[DATA IN THIS EXERCISE — start]

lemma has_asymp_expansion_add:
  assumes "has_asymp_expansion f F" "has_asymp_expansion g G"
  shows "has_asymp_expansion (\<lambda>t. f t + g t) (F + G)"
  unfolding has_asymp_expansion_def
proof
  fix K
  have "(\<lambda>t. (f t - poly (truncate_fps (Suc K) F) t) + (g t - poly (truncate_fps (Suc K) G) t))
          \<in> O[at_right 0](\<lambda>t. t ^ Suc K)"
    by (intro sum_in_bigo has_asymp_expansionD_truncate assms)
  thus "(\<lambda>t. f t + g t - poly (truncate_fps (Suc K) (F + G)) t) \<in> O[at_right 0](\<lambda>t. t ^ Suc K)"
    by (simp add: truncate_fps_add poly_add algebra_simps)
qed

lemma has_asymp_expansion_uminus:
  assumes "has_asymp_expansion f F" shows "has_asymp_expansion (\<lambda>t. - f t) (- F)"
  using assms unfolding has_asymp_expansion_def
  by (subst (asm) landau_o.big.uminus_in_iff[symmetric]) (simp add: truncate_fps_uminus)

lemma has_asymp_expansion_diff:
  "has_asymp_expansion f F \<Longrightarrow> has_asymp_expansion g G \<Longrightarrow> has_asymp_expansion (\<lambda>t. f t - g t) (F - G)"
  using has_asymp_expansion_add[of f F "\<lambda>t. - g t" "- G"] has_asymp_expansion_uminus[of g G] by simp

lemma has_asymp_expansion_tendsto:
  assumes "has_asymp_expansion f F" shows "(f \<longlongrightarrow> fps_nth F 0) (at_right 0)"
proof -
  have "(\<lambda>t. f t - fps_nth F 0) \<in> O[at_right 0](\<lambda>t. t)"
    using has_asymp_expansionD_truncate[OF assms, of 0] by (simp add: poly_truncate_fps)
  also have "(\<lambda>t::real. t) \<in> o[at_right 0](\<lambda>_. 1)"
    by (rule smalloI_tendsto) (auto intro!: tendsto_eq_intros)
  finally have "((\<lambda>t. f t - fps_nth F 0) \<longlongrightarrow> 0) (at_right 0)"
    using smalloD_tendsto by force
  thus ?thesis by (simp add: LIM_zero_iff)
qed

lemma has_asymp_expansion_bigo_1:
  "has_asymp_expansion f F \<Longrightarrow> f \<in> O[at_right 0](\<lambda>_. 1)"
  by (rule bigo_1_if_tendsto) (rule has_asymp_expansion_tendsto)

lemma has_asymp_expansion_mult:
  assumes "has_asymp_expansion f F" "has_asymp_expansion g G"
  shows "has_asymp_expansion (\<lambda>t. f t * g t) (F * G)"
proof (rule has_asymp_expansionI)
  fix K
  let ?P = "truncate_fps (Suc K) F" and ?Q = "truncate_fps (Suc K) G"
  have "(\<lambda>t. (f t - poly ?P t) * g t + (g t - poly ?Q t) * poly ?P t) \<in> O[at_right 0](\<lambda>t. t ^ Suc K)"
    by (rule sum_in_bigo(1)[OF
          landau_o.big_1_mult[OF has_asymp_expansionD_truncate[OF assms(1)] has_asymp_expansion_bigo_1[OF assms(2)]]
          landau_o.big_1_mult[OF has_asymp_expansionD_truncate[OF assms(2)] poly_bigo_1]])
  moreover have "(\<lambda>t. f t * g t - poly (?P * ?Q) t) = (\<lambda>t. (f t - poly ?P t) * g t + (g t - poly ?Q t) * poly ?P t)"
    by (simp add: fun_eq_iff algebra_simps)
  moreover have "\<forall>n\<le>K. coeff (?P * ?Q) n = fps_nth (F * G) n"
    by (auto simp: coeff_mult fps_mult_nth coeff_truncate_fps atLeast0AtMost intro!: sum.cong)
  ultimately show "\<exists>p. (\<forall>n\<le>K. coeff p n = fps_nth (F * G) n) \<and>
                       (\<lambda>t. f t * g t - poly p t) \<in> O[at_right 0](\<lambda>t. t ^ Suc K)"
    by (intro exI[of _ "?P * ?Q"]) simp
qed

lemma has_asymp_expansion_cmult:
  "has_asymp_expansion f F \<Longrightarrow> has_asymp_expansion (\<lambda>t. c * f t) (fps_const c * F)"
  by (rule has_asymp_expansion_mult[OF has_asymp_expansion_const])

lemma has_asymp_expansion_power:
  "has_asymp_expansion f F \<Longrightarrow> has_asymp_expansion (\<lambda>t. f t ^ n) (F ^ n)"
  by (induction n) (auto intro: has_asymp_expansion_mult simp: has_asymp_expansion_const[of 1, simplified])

[DATA IN THIS EXERCISE — finish]

◆ EXERCISE REQUIREMENTS: Every line from the line containing "by (rule bigo_1_if_tendsto)" to the last line of the material above must be repeated exactly, and no other line.

◆ OUTPUT BELOW:
  by (rule bigo_1_if_tendsto) (rule has_asymp_expansion_tendsto)

lemma has_asymp_expansion_mult:
  assumes "has_asymp_expansion f F" "has_asymp_expansion g G"
  shows "has_asymp_expansion (\<lambda>t. f t * g t) (F * G)"
proof (rule has_asymp_expansionI)
  fix K
  let ?P = "truncate_fps (Suc K) F" and ?Q = "truncate_fps (Suc K) G"
  have "(\<lambda>t. (f t - poly ?P t) * g t + (g t - poly ?Q t) * poly ?P t) \<in> O[at_right 0](\<lambda>t. t ^ Suc K)"
    by (rule sum_in_bigo(1)[OF
          landau_o.big_1_mult[OF has_asymp_expansionD_truncate[OF assms(1)] has_asymp_expansion_bigo_1[OF assms(2)]]
          landau_o.big_1_mult[OF has_asymp_expansionD_truncate[OF assms(2)] poly_bigo_1]])
  moreover have "(\<lambda>t. f t * g t - poly (?P * ?Q) t) = (\<lambda>t. (f t - poly ?P t) * g t + (g t - poly ?Q t) * poly ?P t)"
    by (simp add: fun_eq_iff algebra_simps)
  moreover have "\<forall>n\<le>K. coeff (?P * ?Q) n = fps_nth (F * G) n"
    by (auto simp: coeff_mult fps_mult_nth coeff_truncate_fps atLeast0AtMost intro!: sum.cong)
  ultimately show "\<exists>p. (\<forall>n\<le>K. coeff p n = fps_nth (F * G) n) \<and>
                       (\<lambda>t. f t * g t - poly p t) \<in> O[at_right 0](\<lambda>t. t ^ Suc K)"
    by (intro exI[of _ "?P * ?Q"]) simp
qed

lemma has_asymp_expansion_cmult:
  "has_asymp_expansion f F \<Longrightarrow> has_asymp_expansion (\<lambda>t. c * f t) (fps_const c * F)"
  by (rule has_asymp_expansion_mult[OF has_asymp_expansion_const])

lemma has_asymp_expansion_power:
  "has_asymp_expansion f F \<Longrightarrow> has_asymp_expansion (\<lambda>t. f t ^ n) (F ^ n)"
  by (induction n) (auto intro: has_asymp_expansion_mult simp: has_asymp_expansion_const[of 1, simplified])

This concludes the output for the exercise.